%%

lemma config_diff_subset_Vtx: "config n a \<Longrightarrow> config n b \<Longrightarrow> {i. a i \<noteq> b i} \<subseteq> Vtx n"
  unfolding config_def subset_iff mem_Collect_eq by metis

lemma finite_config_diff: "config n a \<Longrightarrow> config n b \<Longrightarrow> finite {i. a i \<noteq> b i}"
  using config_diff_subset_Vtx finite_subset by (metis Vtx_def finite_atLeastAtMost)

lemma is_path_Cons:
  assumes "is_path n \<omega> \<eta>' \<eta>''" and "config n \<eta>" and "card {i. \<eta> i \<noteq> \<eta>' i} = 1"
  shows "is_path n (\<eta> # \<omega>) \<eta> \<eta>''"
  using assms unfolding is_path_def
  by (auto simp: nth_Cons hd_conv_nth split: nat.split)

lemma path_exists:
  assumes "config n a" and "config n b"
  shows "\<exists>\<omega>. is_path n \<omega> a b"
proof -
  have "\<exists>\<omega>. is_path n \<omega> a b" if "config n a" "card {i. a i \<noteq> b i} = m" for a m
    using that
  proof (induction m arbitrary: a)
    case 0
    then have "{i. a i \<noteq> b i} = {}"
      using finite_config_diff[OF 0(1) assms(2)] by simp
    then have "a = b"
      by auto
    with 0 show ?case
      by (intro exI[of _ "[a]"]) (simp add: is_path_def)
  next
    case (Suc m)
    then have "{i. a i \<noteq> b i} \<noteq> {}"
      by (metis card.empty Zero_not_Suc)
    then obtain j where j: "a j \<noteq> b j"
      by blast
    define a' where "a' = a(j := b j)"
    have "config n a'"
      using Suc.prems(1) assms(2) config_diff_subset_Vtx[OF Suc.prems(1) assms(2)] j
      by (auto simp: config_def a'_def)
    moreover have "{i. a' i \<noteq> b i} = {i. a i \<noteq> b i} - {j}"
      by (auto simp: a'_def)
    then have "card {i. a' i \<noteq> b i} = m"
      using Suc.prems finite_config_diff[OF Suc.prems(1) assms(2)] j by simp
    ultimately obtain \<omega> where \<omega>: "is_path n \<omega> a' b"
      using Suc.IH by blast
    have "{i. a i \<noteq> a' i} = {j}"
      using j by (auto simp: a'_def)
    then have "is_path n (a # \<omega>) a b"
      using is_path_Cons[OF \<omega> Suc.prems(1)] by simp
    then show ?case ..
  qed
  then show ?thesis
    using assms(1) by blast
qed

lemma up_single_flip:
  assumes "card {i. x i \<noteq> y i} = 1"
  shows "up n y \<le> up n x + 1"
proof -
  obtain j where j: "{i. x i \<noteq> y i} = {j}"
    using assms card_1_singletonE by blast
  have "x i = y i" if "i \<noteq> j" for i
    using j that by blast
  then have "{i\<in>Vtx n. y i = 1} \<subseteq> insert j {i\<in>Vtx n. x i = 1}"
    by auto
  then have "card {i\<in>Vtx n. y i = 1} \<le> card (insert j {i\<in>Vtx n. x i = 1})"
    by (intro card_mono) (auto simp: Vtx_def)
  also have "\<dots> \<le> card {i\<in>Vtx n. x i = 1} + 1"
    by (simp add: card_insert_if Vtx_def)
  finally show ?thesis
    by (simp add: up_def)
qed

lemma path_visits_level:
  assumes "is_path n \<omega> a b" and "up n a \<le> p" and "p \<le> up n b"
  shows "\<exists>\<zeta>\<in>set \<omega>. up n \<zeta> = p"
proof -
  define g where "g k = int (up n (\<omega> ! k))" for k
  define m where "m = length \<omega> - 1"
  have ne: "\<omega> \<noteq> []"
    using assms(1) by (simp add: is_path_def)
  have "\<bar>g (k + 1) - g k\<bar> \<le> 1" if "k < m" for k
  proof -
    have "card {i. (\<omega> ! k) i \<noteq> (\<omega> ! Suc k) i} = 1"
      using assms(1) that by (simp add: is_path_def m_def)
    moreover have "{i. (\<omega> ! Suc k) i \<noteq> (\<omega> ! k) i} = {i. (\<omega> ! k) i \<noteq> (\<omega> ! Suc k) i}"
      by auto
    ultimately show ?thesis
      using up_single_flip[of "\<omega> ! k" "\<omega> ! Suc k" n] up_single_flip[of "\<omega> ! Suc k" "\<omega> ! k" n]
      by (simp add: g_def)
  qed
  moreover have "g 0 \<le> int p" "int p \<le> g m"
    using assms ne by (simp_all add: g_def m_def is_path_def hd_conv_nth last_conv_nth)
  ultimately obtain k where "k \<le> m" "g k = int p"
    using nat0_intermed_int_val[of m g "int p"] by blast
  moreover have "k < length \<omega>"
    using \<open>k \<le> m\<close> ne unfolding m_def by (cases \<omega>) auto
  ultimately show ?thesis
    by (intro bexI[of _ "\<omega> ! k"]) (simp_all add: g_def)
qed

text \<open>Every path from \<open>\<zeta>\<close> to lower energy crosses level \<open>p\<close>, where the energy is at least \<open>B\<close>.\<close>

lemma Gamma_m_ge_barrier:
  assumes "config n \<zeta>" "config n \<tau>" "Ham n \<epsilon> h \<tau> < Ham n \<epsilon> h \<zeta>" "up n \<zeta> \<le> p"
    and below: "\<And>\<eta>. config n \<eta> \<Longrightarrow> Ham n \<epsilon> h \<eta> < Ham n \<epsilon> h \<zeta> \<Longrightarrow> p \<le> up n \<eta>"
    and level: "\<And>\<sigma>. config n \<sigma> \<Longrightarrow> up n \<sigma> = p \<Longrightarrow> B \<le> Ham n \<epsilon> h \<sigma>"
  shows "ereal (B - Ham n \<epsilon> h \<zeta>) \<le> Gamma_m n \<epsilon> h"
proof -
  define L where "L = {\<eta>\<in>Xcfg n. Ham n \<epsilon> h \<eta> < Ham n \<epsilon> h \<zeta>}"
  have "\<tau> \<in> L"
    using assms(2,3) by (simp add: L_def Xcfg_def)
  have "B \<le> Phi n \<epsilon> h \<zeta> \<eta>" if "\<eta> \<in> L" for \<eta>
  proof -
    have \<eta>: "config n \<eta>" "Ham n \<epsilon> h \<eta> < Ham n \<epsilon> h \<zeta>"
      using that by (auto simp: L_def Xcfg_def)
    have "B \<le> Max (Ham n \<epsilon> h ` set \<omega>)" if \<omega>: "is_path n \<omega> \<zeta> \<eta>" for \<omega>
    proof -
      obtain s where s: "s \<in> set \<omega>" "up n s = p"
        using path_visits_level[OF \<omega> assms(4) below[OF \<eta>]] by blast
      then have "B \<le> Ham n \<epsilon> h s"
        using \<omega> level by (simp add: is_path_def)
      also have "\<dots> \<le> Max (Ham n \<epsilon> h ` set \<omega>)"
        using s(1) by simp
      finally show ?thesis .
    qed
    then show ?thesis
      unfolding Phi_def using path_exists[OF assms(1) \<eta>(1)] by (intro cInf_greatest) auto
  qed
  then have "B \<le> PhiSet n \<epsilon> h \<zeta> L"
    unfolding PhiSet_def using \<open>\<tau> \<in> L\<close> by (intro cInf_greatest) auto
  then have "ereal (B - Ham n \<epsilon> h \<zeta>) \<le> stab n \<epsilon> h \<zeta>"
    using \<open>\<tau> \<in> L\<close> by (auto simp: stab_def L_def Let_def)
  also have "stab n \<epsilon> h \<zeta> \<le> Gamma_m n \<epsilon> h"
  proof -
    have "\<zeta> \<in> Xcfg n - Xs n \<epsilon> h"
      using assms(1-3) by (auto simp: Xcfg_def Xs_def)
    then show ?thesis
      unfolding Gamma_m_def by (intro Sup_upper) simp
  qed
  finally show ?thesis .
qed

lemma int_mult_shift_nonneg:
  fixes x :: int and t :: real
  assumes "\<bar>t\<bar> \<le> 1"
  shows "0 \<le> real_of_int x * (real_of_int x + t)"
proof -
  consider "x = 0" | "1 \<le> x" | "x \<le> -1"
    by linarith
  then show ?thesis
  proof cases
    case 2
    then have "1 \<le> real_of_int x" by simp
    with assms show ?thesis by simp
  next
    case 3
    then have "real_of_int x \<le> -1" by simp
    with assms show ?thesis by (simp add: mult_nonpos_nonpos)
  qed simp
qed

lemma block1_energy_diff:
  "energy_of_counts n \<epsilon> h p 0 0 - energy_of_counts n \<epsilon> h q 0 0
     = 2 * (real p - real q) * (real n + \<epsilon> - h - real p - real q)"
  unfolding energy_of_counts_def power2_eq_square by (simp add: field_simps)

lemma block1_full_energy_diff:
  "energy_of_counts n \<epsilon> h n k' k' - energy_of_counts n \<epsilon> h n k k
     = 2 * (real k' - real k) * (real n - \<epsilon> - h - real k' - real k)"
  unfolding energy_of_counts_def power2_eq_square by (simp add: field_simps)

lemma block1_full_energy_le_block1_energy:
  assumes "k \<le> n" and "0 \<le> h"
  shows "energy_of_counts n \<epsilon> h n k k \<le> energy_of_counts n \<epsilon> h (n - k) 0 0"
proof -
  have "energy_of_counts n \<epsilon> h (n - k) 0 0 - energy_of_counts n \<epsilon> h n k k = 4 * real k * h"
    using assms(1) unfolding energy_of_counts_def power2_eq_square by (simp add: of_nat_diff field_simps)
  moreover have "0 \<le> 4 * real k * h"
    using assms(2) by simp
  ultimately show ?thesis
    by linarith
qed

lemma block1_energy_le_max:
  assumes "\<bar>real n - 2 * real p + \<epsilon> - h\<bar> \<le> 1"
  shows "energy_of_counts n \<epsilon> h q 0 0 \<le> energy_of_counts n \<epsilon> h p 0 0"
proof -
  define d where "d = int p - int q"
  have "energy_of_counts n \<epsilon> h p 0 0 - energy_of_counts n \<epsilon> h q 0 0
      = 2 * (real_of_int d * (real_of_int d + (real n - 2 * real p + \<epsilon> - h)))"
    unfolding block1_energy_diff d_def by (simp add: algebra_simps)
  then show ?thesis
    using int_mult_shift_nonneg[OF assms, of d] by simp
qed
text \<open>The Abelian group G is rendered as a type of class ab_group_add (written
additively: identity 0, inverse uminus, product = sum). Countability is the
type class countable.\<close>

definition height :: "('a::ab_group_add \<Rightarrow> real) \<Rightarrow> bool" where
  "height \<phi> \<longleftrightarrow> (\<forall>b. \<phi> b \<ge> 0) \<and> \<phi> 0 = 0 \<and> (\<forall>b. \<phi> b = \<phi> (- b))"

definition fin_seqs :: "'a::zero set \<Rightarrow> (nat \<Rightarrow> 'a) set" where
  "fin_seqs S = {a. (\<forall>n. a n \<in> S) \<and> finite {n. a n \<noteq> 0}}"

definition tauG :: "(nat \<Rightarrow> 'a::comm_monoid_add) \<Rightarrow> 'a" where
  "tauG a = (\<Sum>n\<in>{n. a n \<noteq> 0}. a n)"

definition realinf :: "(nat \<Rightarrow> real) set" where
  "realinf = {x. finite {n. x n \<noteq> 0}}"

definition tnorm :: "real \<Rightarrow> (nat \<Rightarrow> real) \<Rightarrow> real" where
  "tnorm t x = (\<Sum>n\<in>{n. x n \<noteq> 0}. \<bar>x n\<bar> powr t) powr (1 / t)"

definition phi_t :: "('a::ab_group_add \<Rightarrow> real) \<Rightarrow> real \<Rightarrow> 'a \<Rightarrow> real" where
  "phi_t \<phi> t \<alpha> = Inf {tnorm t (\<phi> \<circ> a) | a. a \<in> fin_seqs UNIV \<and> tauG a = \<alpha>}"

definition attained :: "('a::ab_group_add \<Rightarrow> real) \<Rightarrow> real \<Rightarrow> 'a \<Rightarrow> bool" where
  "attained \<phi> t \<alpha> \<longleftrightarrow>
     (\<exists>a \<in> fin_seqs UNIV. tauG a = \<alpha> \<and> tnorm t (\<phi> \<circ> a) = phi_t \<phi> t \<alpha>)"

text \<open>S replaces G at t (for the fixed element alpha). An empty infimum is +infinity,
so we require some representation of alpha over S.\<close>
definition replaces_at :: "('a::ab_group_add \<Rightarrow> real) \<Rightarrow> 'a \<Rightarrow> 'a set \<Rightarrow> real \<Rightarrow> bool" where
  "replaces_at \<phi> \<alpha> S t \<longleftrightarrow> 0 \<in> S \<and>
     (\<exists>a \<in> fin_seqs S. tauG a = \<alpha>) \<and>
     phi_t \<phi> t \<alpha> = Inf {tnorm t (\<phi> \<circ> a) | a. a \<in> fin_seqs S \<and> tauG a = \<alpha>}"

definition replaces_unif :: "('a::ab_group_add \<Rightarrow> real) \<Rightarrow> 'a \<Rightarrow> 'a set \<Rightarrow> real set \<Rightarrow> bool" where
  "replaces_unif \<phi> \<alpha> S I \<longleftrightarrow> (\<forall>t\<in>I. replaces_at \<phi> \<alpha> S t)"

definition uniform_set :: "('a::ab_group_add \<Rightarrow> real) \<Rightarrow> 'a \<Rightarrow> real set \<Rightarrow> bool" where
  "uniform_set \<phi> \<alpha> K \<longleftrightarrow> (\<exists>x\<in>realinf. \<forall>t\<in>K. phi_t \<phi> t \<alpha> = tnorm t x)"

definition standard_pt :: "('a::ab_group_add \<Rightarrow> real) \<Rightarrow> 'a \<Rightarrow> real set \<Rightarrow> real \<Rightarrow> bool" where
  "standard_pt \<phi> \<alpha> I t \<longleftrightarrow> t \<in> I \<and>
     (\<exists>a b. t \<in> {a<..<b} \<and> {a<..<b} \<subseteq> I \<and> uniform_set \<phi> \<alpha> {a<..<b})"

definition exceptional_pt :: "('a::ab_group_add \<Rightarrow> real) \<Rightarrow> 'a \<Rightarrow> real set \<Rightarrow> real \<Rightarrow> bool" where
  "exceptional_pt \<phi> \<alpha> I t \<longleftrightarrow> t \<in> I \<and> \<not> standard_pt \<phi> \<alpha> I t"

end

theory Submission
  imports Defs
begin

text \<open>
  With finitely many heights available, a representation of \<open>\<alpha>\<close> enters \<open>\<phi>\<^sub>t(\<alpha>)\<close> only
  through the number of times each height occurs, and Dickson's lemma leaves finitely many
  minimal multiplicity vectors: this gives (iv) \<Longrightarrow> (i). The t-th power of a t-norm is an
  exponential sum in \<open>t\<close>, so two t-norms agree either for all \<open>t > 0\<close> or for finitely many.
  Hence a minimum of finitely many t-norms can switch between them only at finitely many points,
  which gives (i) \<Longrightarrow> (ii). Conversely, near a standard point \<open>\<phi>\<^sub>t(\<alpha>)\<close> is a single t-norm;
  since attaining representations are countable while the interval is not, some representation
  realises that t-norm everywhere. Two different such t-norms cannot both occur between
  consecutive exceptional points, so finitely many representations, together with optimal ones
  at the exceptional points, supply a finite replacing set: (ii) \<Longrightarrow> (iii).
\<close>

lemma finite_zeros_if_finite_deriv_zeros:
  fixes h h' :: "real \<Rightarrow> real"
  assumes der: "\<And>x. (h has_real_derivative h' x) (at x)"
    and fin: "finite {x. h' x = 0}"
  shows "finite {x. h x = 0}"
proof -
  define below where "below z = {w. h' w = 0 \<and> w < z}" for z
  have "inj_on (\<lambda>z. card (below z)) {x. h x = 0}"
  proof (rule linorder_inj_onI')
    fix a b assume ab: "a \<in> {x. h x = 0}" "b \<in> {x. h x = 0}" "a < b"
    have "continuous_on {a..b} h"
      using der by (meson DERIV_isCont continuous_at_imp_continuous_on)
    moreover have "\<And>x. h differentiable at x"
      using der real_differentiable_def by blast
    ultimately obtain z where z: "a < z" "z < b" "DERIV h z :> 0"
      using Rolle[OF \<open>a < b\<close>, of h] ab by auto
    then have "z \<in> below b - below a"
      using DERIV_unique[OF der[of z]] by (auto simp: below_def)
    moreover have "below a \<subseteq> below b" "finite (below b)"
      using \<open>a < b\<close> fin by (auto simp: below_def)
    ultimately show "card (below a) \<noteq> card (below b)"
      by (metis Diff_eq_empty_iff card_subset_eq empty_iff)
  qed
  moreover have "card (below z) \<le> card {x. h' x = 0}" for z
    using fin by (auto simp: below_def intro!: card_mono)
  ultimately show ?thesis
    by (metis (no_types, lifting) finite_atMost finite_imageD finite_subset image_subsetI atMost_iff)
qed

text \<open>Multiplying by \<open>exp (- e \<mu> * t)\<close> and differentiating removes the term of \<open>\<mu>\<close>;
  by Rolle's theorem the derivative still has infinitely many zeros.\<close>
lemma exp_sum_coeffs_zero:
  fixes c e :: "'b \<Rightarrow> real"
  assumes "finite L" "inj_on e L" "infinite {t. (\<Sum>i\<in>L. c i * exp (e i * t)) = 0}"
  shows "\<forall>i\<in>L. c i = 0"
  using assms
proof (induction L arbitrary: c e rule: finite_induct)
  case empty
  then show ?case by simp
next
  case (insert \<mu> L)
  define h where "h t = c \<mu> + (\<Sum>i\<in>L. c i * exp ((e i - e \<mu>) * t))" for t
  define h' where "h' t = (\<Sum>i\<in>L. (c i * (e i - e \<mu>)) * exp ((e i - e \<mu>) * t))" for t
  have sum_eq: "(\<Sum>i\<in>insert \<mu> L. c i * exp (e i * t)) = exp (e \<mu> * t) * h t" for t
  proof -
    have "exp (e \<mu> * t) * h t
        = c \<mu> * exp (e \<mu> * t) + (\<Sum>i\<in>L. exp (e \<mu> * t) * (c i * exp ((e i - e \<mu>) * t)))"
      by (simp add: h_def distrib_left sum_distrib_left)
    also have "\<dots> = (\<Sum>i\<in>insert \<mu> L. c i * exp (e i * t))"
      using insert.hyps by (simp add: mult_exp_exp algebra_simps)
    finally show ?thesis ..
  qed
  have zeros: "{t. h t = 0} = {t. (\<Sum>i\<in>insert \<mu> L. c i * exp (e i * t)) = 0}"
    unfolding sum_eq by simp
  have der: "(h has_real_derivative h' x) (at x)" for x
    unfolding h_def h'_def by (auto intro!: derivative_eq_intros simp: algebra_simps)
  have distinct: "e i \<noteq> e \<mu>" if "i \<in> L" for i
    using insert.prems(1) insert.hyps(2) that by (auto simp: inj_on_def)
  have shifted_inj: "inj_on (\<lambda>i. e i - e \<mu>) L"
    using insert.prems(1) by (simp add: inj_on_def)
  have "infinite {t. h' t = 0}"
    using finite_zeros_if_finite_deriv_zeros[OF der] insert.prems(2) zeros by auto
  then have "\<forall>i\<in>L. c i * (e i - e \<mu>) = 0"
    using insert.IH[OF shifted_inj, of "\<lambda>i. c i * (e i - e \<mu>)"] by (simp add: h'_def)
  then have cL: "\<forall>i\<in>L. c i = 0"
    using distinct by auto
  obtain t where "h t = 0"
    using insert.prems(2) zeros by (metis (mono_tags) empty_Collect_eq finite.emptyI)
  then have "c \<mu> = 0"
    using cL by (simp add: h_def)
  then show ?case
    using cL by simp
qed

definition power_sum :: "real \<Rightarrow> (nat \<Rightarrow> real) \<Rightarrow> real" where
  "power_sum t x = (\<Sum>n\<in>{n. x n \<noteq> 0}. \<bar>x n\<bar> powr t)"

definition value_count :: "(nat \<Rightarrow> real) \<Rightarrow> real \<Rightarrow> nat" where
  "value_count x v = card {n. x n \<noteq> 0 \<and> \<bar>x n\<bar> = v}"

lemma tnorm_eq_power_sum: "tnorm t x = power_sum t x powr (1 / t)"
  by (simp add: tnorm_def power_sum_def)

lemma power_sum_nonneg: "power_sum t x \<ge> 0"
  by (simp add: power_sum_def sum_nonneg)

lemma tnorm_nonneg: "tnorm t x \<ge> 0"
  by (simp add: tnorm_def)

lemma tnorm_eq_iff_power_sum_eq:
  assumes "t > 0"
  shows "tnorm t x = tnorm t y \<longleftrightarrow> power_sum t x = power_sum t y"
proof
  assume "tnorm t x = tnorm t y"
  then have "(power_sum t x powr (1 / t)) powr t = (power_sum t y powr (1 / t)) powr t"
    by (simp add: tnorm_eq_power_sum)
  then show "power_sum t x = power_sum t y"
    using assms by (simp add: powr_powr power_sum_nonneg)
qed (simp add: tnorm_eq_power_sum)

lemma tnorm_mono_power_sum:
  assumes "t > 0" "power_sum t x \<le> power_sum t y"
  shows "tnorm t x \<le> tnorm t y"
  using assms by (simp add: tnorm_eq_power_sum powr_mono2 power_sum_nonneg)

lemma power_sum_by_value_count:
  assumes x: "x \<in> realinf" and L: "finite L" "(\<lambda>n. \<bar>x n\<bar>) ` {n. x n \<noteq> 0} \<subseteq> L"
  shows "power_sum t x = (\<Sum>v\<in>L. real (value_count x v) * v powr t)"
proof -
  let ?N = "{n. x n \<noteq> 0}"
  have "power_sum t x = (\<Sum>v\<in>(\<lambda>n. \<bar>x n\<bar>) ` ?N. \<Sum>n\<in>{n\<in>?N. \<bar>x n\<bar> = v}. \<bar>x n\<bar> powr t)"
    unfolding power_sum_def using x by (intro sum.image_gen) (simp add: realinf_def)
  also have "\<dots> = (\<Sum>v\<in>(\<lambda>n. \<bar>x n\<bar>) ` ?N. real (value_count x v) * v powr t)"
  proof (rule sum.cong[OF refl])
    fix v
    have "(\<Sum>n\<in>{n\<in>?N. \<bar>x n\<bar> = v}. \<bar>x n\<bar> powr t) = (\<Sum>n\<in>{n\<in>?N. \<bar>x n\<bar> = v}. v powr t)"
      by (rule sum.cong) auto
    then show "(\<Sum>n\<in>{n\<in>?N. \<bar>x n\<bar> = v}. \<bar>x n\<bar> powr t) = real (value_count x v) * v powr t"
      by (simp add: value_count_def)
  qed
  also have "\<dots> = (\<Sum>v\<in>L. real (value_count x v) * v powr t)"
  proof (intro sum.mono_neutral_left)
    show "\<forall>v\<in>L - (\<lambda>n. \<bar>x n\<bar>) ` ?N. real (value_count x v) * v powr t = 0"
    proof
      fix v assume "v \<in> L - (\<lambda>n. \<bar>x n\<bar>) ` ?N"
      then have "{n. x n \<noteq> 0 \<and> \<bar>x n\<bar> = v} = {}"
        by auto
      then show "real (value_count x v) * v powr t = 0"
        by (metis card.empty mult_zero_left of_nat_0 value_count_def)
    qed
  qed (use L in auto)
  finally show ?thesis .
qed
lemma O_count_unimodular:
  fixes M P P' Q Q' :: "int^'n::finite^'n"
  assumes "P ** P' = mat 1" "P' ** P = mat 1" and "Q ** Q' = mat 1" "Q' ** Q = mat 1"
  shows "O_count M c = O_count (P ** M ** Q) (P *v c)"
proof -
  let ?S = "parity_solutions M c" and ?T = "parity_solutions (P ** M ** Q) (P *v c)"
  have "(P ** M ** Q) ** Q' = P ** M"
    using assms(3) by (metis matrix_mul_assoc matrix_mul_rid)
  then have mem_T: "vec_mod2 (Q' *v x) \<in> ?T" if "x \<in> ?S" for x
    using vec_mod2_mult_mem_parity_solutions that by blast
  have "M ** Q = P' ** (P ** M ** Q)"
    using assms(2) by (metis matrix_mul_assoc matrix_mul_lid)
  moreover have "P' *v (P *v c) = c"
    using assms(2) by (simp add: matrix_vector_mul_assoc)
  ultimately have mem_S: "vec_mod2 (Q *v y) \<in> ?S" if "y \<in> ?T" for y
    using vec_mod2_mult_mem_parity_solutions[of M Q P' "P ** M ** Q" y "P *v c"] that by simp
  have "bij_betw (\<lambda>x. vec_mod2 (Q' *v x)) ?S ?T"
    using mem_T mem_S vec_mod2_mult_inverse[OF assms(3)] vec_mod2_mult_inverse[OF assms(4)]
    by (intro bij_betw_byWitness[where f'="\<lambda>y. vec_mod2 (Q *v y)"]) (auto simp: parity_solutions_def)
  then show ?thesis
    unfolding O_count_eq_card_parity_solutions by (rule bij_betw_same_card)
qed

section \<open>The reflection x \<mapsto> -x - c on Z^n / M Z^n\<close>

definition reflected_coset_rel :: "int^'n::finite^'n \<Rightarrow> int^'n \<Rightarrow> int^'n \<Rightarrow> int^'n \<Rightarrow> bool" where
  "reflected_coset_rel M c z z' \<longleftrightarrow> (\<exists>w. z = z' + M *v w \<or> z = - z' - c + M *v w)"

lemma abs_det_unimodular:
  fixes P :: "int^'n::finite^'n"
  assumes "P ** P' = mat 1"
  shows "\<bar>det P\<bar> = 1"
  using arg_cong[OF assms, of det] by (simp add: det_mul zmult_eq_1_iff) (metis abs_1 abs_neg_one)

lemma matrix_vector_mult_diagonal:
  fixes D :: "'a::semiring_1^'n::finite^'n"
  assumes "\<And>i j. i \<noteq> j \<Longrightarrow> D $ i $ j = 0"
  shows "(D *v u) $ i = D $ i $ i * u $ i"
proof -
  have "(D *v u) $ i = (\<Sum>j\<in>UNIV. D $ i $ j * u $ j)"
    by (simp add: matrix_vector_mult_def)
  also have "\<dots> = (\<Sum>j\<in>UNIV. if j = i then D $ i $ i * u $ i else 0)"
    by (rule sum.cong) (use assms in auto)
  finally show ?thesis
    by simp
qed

%%

__The task__: Please transcribe exactly the lines above from the line that has "t y \<longleftrightarrow>" up to and including the line that has "x = (\<Sum>v\<in>(\<lambda>n."; no other line belongs in the answer.

__Answer area__:
  shows "tnorm t x = tnorm t y \<longleftrightarrow> power_sum t x = power_sum t y"
proof
  assume "tnorm t x = tnorm t y"
  then have "(power_sum t x powr (1 / t)) powr t = (power_sum t y powr (1 / t)) powr t"
    by (simp add: tnorm_eq_power_sum)
  then show "power_sum t x = power_sum t y"
    using assms by (simp add: powr_powr power_sum_nonneg)
qed (simp add: tnorm_eq_power_sum)

lemma tnorm_mono_power_sum:
  assumes "t > 0" "power_sum t x \<le> power_sum t y"
  shows "tnorm t x \<le> tnorm t y"
  using assms by (simp add: tnorm_eq_power_sum powr_mono2 power_sum_nonneg)

lemma power_sum_by_value_count:
  assumes x: "x \<in> realinf" and L: "finite L" "(\<lambda>n. \<bar>x n\<bar>) ` {n. x n \<noteq> 0} \<subseteq> L"
  shows "power_sum t x = (\<Sum>v\<in>L. real (value_count x v) * v powr t)"
proof -
  let ?N = "{n. x n \<noteq> 0}"
  have "power_sum t x = (\<Sum>v\<in>(\<lambda>n. \<bar>x n\<bar>) ` ?N. \<Sum>n\<in>{n\<in>?N. \<bar>x n\<bar> = v}. \<bar>x n\<bar> powr t)"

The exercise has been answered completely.